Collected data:
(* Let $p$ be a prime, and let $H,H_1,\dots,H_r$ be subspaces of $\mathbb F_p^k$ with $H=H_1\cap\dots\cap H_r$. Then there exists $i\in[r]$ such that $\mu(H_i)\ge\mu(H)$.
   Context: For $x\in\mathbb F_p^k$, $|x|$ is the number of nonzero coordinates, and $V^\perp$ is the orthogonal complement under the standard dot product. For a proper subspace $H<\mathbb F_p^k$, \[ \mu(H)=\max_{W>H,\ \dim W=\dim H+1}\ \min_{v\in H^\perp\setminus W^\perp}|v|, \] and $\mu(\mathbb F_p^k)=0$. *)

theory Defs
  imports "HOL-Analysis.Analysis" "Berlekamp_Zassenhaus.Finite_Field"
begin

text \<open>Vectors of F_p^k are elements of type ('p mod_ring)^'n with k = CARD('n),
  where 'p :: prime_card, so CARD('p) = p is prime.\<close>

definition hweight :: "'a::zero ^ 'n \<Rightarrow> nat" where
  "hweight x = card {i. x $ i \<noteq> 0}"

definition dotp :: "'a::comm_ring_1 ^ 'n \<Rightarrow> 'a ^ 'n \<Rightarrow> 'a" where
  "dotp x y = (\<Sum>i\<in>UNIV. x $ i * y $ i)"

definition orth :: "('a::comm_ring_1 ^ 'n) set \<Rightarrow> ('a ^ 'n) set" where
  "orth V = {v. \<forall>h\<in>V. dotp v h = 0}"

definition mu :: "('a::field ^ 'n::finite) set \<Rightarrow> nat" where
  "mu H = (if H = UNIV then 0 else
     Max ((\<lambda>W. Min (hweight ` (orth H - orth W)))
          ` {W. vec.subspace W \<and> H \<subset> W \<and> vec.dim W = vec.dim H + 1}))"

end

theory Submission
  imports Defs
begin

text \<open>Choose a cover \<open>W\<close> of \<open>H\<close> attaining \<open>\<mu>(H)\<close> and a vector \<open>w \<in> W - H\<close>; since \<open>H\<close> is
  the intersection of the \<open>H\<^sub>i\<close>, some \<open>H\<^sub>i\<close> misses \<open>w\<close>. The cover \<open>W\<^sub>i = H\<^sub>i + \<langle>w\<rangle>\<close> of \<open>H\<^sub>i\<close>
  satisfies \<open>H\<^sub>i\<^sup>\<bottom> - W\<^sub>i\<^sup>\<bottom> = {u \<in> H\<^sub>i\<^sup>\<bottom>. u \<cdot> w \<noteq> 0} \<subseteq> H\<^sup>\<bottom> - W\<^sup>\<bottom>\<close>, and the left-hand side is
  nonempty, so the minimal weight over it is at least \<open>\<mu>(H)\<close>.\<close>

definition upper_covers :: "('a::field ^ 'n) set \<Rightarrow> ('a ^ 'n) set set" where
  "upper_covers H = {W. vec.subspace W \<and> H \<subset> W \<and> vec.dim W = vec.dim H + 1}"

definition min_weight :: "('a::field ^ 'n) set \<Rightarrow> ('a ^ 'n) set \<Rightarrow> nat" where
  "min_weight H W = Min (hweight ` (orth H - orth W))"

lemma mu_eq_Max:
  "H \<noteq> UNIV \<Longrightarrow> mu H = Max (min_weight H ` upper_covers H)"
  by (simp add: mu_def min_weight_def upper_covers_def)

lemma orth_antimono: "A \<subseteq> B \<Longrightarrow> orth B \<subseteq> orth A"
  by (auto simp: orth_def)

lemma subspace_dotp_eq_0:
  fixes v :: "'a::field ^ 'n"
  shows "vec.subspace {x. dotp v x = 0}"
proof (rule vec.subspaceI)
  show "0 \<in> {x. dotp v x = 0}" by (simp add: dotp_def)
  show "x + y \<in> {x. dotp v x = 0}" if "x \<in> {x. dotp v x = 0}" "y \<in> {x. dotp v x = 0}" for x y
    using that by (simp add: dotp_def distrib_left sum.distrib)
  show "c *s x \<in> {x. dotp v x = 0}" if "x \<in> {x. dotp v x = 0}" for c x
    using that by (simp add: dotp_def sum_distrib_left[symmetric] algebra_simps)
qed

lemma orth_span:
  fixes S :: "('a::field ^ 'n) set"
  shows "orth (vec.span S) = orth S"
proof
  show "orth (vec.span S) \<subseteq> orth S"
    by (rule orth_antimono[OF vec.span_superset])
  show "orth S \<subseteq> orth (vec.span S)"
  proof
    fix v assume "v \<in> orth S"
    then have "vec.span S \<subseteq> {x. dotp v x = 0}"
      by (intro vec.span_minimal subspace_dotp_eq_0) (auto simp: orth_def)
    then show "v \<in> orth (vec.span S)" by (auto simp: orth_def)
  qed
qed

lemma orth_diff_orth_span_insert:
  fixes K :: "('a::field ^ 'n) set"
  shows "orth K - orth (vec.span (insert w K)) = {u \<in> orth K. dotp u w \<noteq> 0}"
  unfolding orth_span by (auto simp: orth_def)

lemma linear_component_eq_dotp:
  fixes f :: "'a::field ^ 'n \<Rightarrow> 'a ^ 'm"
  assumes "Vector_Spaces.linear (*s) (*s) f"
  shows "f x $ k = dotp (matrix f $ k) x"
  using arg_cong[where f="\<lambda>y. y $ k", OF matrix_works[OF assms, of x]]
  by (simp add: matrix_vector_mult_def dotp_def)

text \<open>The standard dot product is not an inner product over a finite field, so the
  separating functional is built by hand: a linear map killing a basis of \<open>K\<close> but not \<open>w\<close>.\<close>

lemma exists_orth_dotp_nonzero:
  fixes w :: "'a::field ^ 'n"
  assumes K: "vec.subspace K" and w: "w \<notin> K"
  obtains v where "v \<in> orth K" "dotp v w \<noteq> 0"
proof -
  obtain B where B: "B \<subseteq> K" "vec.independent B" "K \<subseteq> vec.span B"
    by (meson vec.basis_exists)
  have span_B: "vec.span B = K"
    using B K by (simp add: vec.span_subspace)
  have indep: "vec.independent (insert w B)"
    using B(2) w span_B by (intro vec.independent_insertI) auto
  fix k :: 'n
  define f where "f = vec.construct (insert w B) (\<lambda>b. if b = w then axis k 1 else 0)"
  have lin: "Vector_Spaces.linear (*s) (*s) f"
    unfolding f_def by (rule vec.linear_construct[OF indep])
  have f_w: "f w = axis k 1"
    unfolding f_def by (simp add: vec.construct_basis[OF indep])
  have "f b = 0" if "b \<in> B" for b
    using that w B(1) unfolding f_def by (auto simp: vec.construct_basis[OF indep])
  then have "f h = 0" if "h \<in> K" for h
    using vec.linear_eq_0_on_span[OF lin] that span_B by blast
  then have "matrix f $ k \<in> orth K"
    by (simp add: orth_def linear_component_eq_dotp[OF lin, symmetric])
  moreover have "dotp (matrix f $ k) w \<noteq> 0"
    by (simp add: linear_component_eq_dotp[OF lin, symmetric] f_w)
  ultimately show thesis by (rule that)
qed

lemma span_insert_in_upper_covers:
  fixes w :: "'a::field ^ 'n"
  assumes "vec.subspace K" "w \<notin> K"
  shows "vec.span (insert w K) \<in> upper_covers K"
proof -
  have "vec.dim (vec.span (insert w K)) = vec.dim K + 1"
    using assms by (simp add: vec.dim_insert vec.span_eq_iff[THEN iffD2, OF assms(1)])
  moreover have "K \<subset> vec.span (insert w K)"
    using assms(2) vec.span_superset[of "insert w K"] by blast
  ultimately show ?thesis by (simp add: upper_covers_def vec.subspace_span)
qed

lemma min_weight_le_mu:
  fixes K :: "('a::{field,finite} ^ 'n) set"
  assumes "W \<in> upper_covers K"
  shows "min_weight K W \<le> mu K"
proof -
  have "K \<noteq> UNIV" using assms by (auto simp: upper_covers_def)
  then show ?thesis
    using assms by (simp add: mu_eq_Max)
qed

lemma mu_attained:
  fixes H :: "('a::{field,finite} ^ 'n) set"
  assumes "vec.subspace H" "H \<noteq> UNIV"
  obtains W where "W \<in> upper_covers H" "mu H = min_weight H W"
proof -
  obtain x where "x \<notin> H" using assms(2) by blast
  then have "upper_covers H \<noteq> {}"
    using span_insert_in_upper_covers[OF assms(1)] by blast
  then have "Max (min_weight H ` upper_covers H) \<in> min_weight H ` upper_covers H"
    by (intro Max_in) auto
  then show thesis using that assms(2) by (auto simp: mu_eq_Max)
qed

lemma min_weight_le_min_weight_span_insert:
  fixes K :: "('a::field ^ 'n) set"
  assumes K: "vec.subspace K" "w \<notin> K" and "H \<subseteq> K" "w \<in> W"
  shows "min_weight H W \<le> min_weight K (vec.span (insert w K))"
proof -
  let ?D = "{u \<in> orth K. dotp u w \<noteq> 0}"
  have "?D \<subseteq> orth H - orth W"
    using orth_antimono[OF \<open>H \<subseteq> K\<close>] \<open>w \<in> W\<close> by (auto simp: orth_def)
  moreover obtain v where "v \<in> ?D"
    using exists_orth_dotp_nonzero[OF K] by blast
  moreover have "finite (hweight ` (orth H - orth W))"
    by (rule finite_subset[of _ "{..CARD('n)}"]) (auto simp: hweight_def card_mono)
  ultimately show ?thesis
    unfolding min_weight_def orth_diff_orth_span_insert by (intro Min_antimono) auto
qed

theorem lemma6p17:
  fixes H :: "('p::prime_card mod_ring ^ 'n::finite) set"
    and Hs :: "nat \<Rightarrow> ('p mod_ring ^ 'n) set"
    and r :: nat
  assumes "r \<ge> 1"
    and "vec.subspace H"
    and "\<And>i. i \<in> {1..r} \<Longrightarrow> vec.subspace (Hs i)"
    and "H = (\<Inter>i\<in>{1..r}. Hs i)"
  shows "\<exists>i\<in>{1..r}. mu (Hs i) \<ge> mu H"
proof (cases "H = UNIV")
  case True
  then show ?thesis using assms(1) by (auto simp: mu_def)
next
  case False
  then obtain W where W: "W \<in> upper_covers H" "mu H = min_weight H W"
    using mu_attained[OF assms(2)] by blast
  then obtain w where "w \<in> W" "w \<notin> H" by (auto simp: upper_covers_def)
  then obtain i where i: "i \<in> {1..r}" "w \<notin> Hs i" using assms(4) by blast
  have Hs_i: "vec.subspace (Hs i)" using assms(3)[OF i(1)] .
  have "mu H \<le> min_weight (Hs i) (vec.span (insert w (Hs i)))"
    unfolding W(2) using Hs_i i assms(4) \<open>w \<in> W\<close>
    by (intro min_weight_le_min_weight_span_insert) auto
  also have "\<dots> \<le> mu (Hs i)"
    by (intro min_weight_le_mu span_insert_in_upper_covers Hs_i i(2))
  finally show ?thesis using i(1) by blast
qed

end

◆ **Work required**: Whenever the word "rule" occurs in a line above, copy that line.

◆ **Response to the task**:
proof (rule vec.subspaceI)
    by (rule orth_antimono[OF vec.span_superset])
    unfolding f_def by (rule vec.linear_construct[OF indep])
  ultimately show thesis by (rule that)
    by (rule finite_subset[of _ "{..CARD('n)}"]) (auto simp: hweight_def card_mono)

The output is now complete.